(* Let $(X,\to)$ be a transition system over $A$. For every congruence $R\subseteq\mathcal P(X)\times\mathcal P(X)$ and $X_1,X_2\subseteq X$: $(X_1,X_2)\in\beta_t(R)$ iff ($X_1=\emptyset\iff X_2=\emptyset$) and $\delta_a[X_1]\mathrel R\delta_a[X_2]$ for all $a\in A$. The restriction of $\beta_t$ to congruences is continuous, independent of the branching type of the transition system.
   Context: $\delta_a[Y]=\{x'\mid\exists y\in Y\colon y\xrightarrow{a}x'\}$; $\Diamond_a(S)=\{x\mid\exists x'\in S\colon x\xrightarrow{a}x'\}$. A congruence is an equivalence $R$ on $\mathcal P(X)$ with $X_i\mathrel RY_i$ ($i\in I$) implying $\bigcup_iX_i\mathrel R\bigcup_iY_i$. $\alpha_t(\mathcal S)=\{(X_1,X_2)\mid\forall S\in\mathcal S\colon(X_1\cap S\neq\emptyset\iff X_2\cap S\neq\emptyset)\}$, $\gamma_t(R)=\{S\subseteq X\mid\forall(X_1,X_2)\in R\colon(X_1\cap S\neq\emptyset\iff X_2\cap S\neq\emptyset)\}$, $\mathit{lo}_t(\mathcal S)=\bigcup_{a\in A}\{\Diamond_a(S)\mid S\in\mathcal S\}\cup\{X\}$, $\beta_t=\alpha_t\circ\mathit{lo}_t\circ\gamma_t$ on the lattice $(\mathit{Eq}(\mathcal P(X)),\supseteq)$ of equivalences on $\mathcal P(X)$; continuity means preservation of suprema (in this order, intersections) of well-ordered chains. *)

theory Defs
  imports Main
begin

definition lts :: "'x set \<Rightarrow> 'a set \<Rightarrow> ('x \<times> 'a \<times> 'x) set \<Rightarrow> bool" where
  "lts X A T \<longleftrightarrow> T \<subseteq> X \<times> A \<times> X"

definition delta :: "('x \<times> 'a \<times> 'x) set \<Rightarrow> 'a \<Rightarrow> 'x set \<Rightarrow> 'x set" where
  "delta T a Y = {x'. \<exists>y\<in>Y. (y, a, x') \<in> T}"

definition diam :: "'x set \<Rightarrow> ('x \<times> 'a \<times> 'x) set \<Rightarrow> 'a \<Rightarrow> 'x set \<Rightarrow> 'x set" where
  "diam X T a S = {x \<in> X. \<exists>x'\<in>S. (x, a, x') \<in> T}"

text \<open>Congruence: equivalence on P(X) closed under arbitrary unions of related families
  (a family (X_i, Y_i), i \<in> I, is represented by the set of its pairs).\<close>
definition congruence :: "'x set \<Rightarrow> ('x set \<times> 'x set) set \<Rightarrow> bool" where
  "congruence X R \<longleftrightarrow> equiv (Pow X) R \<and>
     (\<forall>P. P \<subseteq> R \<longrightarrow> (\<Union>(fst ` P), \<Union>(snd ` P)) \<in> R)"

definition alpha_t :: "'x set \<Rightarrow> 'x set set \<Rightarrow> ('x set \<times> 'x set) set" where
  "alpha_t X SS = {(X1, X2). X1 \<subseteq> X \<and> X2 \<subseteq> X \<and>
      (\<forall>S\<in>SS. (X1 \<inter> S \<noteq> {} \<longleftrightarrow> X2 \<inter> S \<noteq> {}))}"

definition gamma_t :: "'x set \<Rightarrow> ('x set \<times> 'x set) set \<Rightarrow> 'x set set" where
  "gamma_t X R = {S. S \<subseteq> X \<and>
      (\<forall>(X1, X2)\<in>R. (X1 \<inter> S \<noteq> {} \<longleftrightarrow> X2 \<inter> S \<noteq> {}))}"

definition lo_t :: "'x set \<Rightarrow> 'a set \<Rightarrow> ('x \<times> 'a \<times> 'x) set \<Rightarrow> 'x set set \<Rightarrow> 'x set set" where
  "lo_t X A T SS = (\<Union>a\<in>A. {diam X T a S | S. S \<in> SS}) \<union> {X}"

definition beta_t :: "'x set \<Rightarrow> 'a set \<Rightarrow> ('x \<times> 'a \<times> 'x) set
      \<Rightarrow> ('x set \<times> 'x set) set \<Rightarrow> ('x set \<times> 'x set) set" where
  "beta_t X A T R = alpha_t X (lo_t X A T (gamma_t X R))"

text \<open>Well-ordered chain w.r.t. the lattice order \<supseteq>: every nonempty subfamily has a
  least element in the order \<supseteq>, i.e. a largest set.\<close>
definition wo_chain_sup :: "('x set \<times> 'x set) set set \<Rightarrow> bool" where
  "wo_chain_sup C \<longleftrightarrow> (\<forall>R1\<in>C. \<forall>R2\<in>C. R1 \<subseteq> R2 \<or> R2 \<subseteq> R1) \<and>
     (\<forall>D. D \<subseteq> C \<and> D \<noteq> {} \<longrightarrow> (\<exists>M\<in>D. \<forall>R\<in>D. R \<subseteq> M))"

end

theory Submission
  imports Defs
begin

text \<open>A congruence R is determined by the sets it separates. Each R-class has a largest
  element, the union of the class, and any two R-related sets either both meet its complement
  or both miss it, so that complement lies in gamma_t X R; testing against these complements
  gives alpha_t X (gamma_t X R) = R. As Y meets diam X T a S exactly when delta T a Y meets S,
  membership in beta_t X A T R reduces to the two stated conditions. These are pointwise in R,
  so beta_t commutes with every nonempty intersection of congruences.\<close>

lemma congruence_equiv: "congruence X R \<Longrightarrow> equiv (Pow X) R"
  unfolding congruence_def by blast

lemma congruence_subset: "congruence X R \<Longrightarrow> (Y1, Y2) \<in> R \<Longrightarrow> Y1 \<subseteq> X \<and> Y2 \<subseteq> X"
  using equiv_type[OF congruence_equiv] by blast

lemma congruence_refl: "congruence X R \<Longrightarrow> Y \<subseteq> X \<Longrightarrow> (Y, Y) \<in> R"
  using congruence_equiv equiv_class_self by fastforce

lemma congruence_sym: "congruence X R \<Longrightarrow> (Y1, Y2) \<in> R \<Longrightarrow> (Y2, Y1) \<in> R"
  using congruence_equiv sym_def equiv_def by metis

lemma congruence_trans:
  "congruence X R \<Longrightarrow> (Y1, Y2) \<in> R \<Longrightarrow> (Y2, Y3) \<in> R \<Longrightarrow> (Y1, Y3) \<in> R"
  using congruence_equiv equiv_def transD by metis

lemma congruence_Union: "congruence X R \<Longrightarrow> P \<subseteq> R \<Longrightarrow> (\<Union>(fst ` P), \<Union>(snd ` P)) \<in> R"
  unfolding congruence_def by blast

lemma congruence_Un:
  assumes "congruence X R" "(Y1, Y2) \<in> R" "(Z1, Z2) \<in> R"
  shows "(Y1 \<union> Z1, Y2 \<union> Z2) \<in> R"
  using congruence_Union[OF assms(1), of "{(Y1, Y2), (Z1, Z2)}"] assms(2,3) by simp

lemma congruence_Inter:
  assumes "C \<noteq> {}" and cong: "\<forall>R\<in>C. congruence X R"
  shows "congruence X (\<Inter>C)"
proof -
  have "equiv (Pow X) (\<Inter>C)"
  proof (rule equivI)
    obtain R where "R \<in> C" using assms(1) by blast
    then show "\<Inter>C \<subseteq> Pow X \<times> Pow X"
      using cong congruence_subset by fastforce
    show "refl_on (Pow X) (\<Inter>C)"
      by (rule refl_onI) (use cong congruence_refl in blast)
    show "sym (\<Inter>C)"
      by (rule symI) (use cong congruence_sym in blast)
    show "trans (\<Inter>C)"
      by (rule transI) (use cong congruence_trans in blast)
  qed
  moreover have "(\<Union>(fst ` P), \<Union>(snd ` P)) \<in> \<Inter>C" if "P \<subseteq> \<Inter>C" for P
    using that cong congruence_Union by blast
  ultimately show ?thesis
    unfolding congruence_def by blast
qed

definition cong_top :: "('x set \<times> 'x set) set \<Rightarrow> 'x set \<Rightarrow> 'x set" where
  "cong_top R Y = \<Union>{Z. (Z, Y) \<in> R}"

lemma subset_cong_top: "(Z, Y) \<in> R \<Longrightarrow> Z \<subseteq> cong_top R Y"
  unfolding cong_top_def by blast

lemma cong_top_rel:
  assumes "congruence X R" and "Y \<subseteq> X"
  shows "(cong_top R Y, Y) \<in> R"
proof -
  let ?P = "{(Z, Y) | Z. (Z, Y) \<in> R}"
  have "fst ` ?P = {Z. (Z, Y) \<in> R}" by force
  moreover have "snd ` ?P = {Y}"
    using congruence_refl[OF assms] by force
  moreover have "(\<Union>(fst ` ?P), \<Union>(snd ` ?P)) \<in> R"
    by (rule congruence_Union[OF assms(1)]) blast
  ultimately show ?thesis
    unfolding cong_top_def by simp
qed

lemma compl_cong_top_in_gamma_t:
  assumes c: "congruence X R" and "Y \<subseteq> X"
  shows "X - cong_top R Y \<in> gamma_t X R"
proof -
  let ?t = "cong_top R Y"
  have tY: "(?t, Y) \<in> R" using cong_top_rel[OF assms] .
  have below_top: "Z2 \<subseteq> ?t" if "(Z1, Z2) \<in> R" and "Z1 \<subseteq> ?t" for Z1 Z2
  proof -
    have "(Z1 \<union> ?t, Z2 \<union> ?t) \<in> R"
      using congruence_Un[OF c that(1) congruence_refl[OF c]] congruence_subset[OF c tY] by blast
    then have "(Z2 \<union> ?t, Y) \<in> R"
      using that(2) tY congruence_sym[OF c] congruence_trans[OF c] Un_absorb1 by metis
    then show ?thesis using subset_cong_top by blast
  qed
  have "Z1 \<subseteq> ?t \<longleftrightarrow> Z2 \<subseteq> ?t" if "(Z1, Z2) \<in> R" for Z1 Z2
    using below_top that congruence_sym[OF c] by blast
  then show ?thesis
    unfolding gamma_t_def using congruence_subset[OF c] by fast
qed

lemma Un_rel_if_subset_cong_top:
  assumes c: "congruence X R" and "Y \<subseteq> X" "Z \<subseteq> X" "Z \<subseteq> cong_top R Y"
  shows "(Y \<union> Z, Y) \<in> R"
proof -
  have tY: "(cong_top R Y, Y) \<in> R" using cong_top_rel[OF c assms(2)] .
  have "(cong_top R Y \<union> Z, Y \<union> Z) \<in> R"
    using congruence_Un[OF c tY congruence_refl[OF c assms(3)]] .
  then have "(cong_top R Y, Y \<union> Z) \<in> R"
    using assms(4) by (simp add: Un_absorb2)
  then show ?thesis
    using tY congruence_sym[OF c] congruence_trans[OF c] by blast
qed

lemma rel_if_agree_on_gamma_t:
  assumes c: "congruence X R" and y: "Y1 \<subseteq> X" "Y2 \<subseteq> X"
    and agree: "\<forall>S\<in>gamma_t X R. Y1 \<inter> S \<noteq> {} \<longleftrightarrow> Y2 \<inter> S \<noteq> {}"
  shows "(Y1, Y2) \<in> R"
proof -
  have Y_top: "Y \<subseteq> cong_top R Y" if "Y \<subseteq> X" for Y
    using subset_cong_top[OF congruence_refl[OF c that]] .
  have "Y1 \<inter> (X - cong_top R Y1) = {}" "Y2 \<inter> (X - cong_top R Y2) = {}"
    using Y_top y by blast+
  then have "Y2 \<inter> (X - cong_top R Y1) = {}" "Y1 \<inter> (X - cong_top R Y2) = {}"
    using agree compl_cong_top_in_gamma_t[OF c] y by blast+
  then have "Y2 \<subseteq> cong_top R Y1" "Y1 \<subseteq> cong_top R Y2"
    using y by blast+
  then have "(Y1 \<union> Y2, Y1) \<in> R" "(Y1 \<union> Y2, Y2) \<in> R"
    using Un_rel_if_subset_cong_top[OF c] y by (metis Un_commute)+
  then show ?thesis
    using congruence_sym[OF c] congruence_trans[OF c] by blast
qed

lemma alpha_gamma_congruence:
  assumes c: "congruence X R"
  shows "alpha_t X (gamma_t X R) = R"
proof (intro set_eqI iffI)
  fix p assume "p \<in> alpha_t X (gamma_t X R)"
  then show "p \<in> R"
    unfolding alpha_t_def using rel_if_agree_on_gamma_t[OF c] by auto
next
  fix p assume "p \<in> R"
  then show "p \<in> alpha_t X (gamma_t X R)"
    unfolding alpha_t_def gamma_t_def using congruence_subset[OF c] by auto
qed

lemma lts_delta_subset: "lts X A T \<Longrightarrow> delta T a Y \<subseteq> X"
  unfolding lts_def delta_def by blast

lemma Int_diam_eq_empty_iff:
  "Y \<subseteq> X \<Longrightarrow> Y \<inter> diam X T a S = {} \<longleftrightarrow> delta T a Y \<inter> S = {}"
  unfolding diam_def delta_def by blast

lemma ball_lo_t_iff:
  "(\<forall>S'\<in>lo_t X A T SS. P S') \<longleftrightarrow> P X \<and> (\<forall>a\<in>A. \<forall>S\<in>SS. P (diam X T a S))"
  unfolding lo_t_def by blast

lemma mem_alpha_lo_t_iff:
  assumes "lts X A T"
  shows "(X1, X2) \<in> alpha_t X (lo_t X A T SS) \<longleftrightarrow>
    X1 \<subseteq> X \<and> X2 \<subseteq> X \<and> (X1 = {} \<longleftrightarrow> X2 = {}) \<and>
    (\<forall>a\<in>A. (delta T a X1, delta T a X2) \<in> alpha_t X SS)"
proof (cases "X1 \<subseteq> X \<and> X2 \<subseteq> X")
  case True
  then have "X1 \<subseteq> X" "X2 \<subseteq> X" "X1 \<inter> X = X1" "X2 \<inter> X = X2" by auto
  then show ?thesis
    unfolding alpha_t_def
    by (simp add: ball_lo_t_iff Int_diam_eq_empty_iff lts_delta_subset[OF assms])
next
  case False
  then show ?thesis unfolding alpha_t_def by auto
qed

lemma mem_beta_t_iff:
  assumes "lts X A T" and "congruence X R"
  shows "(X1, X2) \<in> beta_t X A T R \<longleftrightarrow>
    X1 \<subseteq> X \<and> X2 \<subseteq> X \<and> (X1 = {} \<longleftrightarrow> X2 = {}) \<and>
    (\<forall>a\<in>A. (delta T a X1, delta T a X2) \<in> R)"
  unfolding beta_t_def mem_alpha_lo_t_iff[OF assms(1)] alpha_gamma_congruence[OF assms(2)] ..

lemma beta_t_Inter:
  assumes "lts X A T" and "C \<noteq> {}" and "\<forall>R\<in>C. congruence X R"
  shows "beta_t X A T (\<Inter>C) = (\<Inter>R\<in>C. beta_t X A T R)"
proof -
  have "(X1, X2) \<in> beta_t X A T (\<Inter>C) \<longleftrightarrow> (\<forall>R\<in>C. (X1, X2) \<in> beta_t X A T R)" for X1 X2
    using mem_beta_t_iff[OF assms(1)] congruence_Inter[OF assms(2,3)] assms(2,3) by auto
  then show ?thesis by auto
qed

theorem mainTheorem12:
  fixes X :: "'x set" and A :: "'a set" and T :: "('x \<times> 'a \<times> 'x) set"
  assumes "lts X A T"
  shows "(\<forall>R X1 X2. congruence X R \<longrightarrow> X1 \<subseteq> X \<longrightarrow> X2 \<subseteq> X \<longrightarrow>
            ((X1, X2) \<in> beta_t X A T R \<longleftrightarrow>
              ((X1 = {} \<longleftrightarrow> X2 = {}) \<and> (\<forall>a\<in>A. (delta T a X1, delta T a X2) \<in> R))))
       \<and> (\<forall>C. C \<noteq> {} \<longrightarrow> wo_chain_sup C \<longrightarrow> (\<forall>R\<in>C. congruence X R) \<longrightarrow>
            beta_t X A T (\<Inter>C) = (\<Inter>R\<in>C. beta_t X A T R))"
  using mem_beta_t_iff[OF assms] beta_t_Inter[OF assms] by simp

end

==================================================

*Task details*. The required output is every line above from the one with "theory Submission" down to the one with "using equiv_type[OF congruence_equiv]", restated word for word, ends included.

*Result of this task*.
theory Submission
  imports Defs
begin

text \<open>A congruence R is determined by the sets it separates. Each R-class has a largest
  element, the union of the class, and any two R-related sets either both meet its complement
  or both miss it, so that complement lies in gamma_t X R; testing against these complements
  gives alpha_t X (gamma_t X R) = R. As Y meets diam X T a S exactly when delta T a Y meets S,
  membership in beta_t X A T R reduces to the two stated conditions. These are pointwise in R,
  so beta_t commutes with every nonempty intersection of congruences.\<close>

lemma congruence_equiv: "congruence X R \<Longrightarrow> equiv (Pow X) R"
  unfolding congruence_def by blast

lemma congruence_subset: "congruence X R \<Longrightarrow> (Y1, Y2) \<in> R \<Longrightarrow> Y1 \<subseteq> X \<and> Y2 \<subseteq> X"
  using equiv_type[OF congruence_equiv] by blast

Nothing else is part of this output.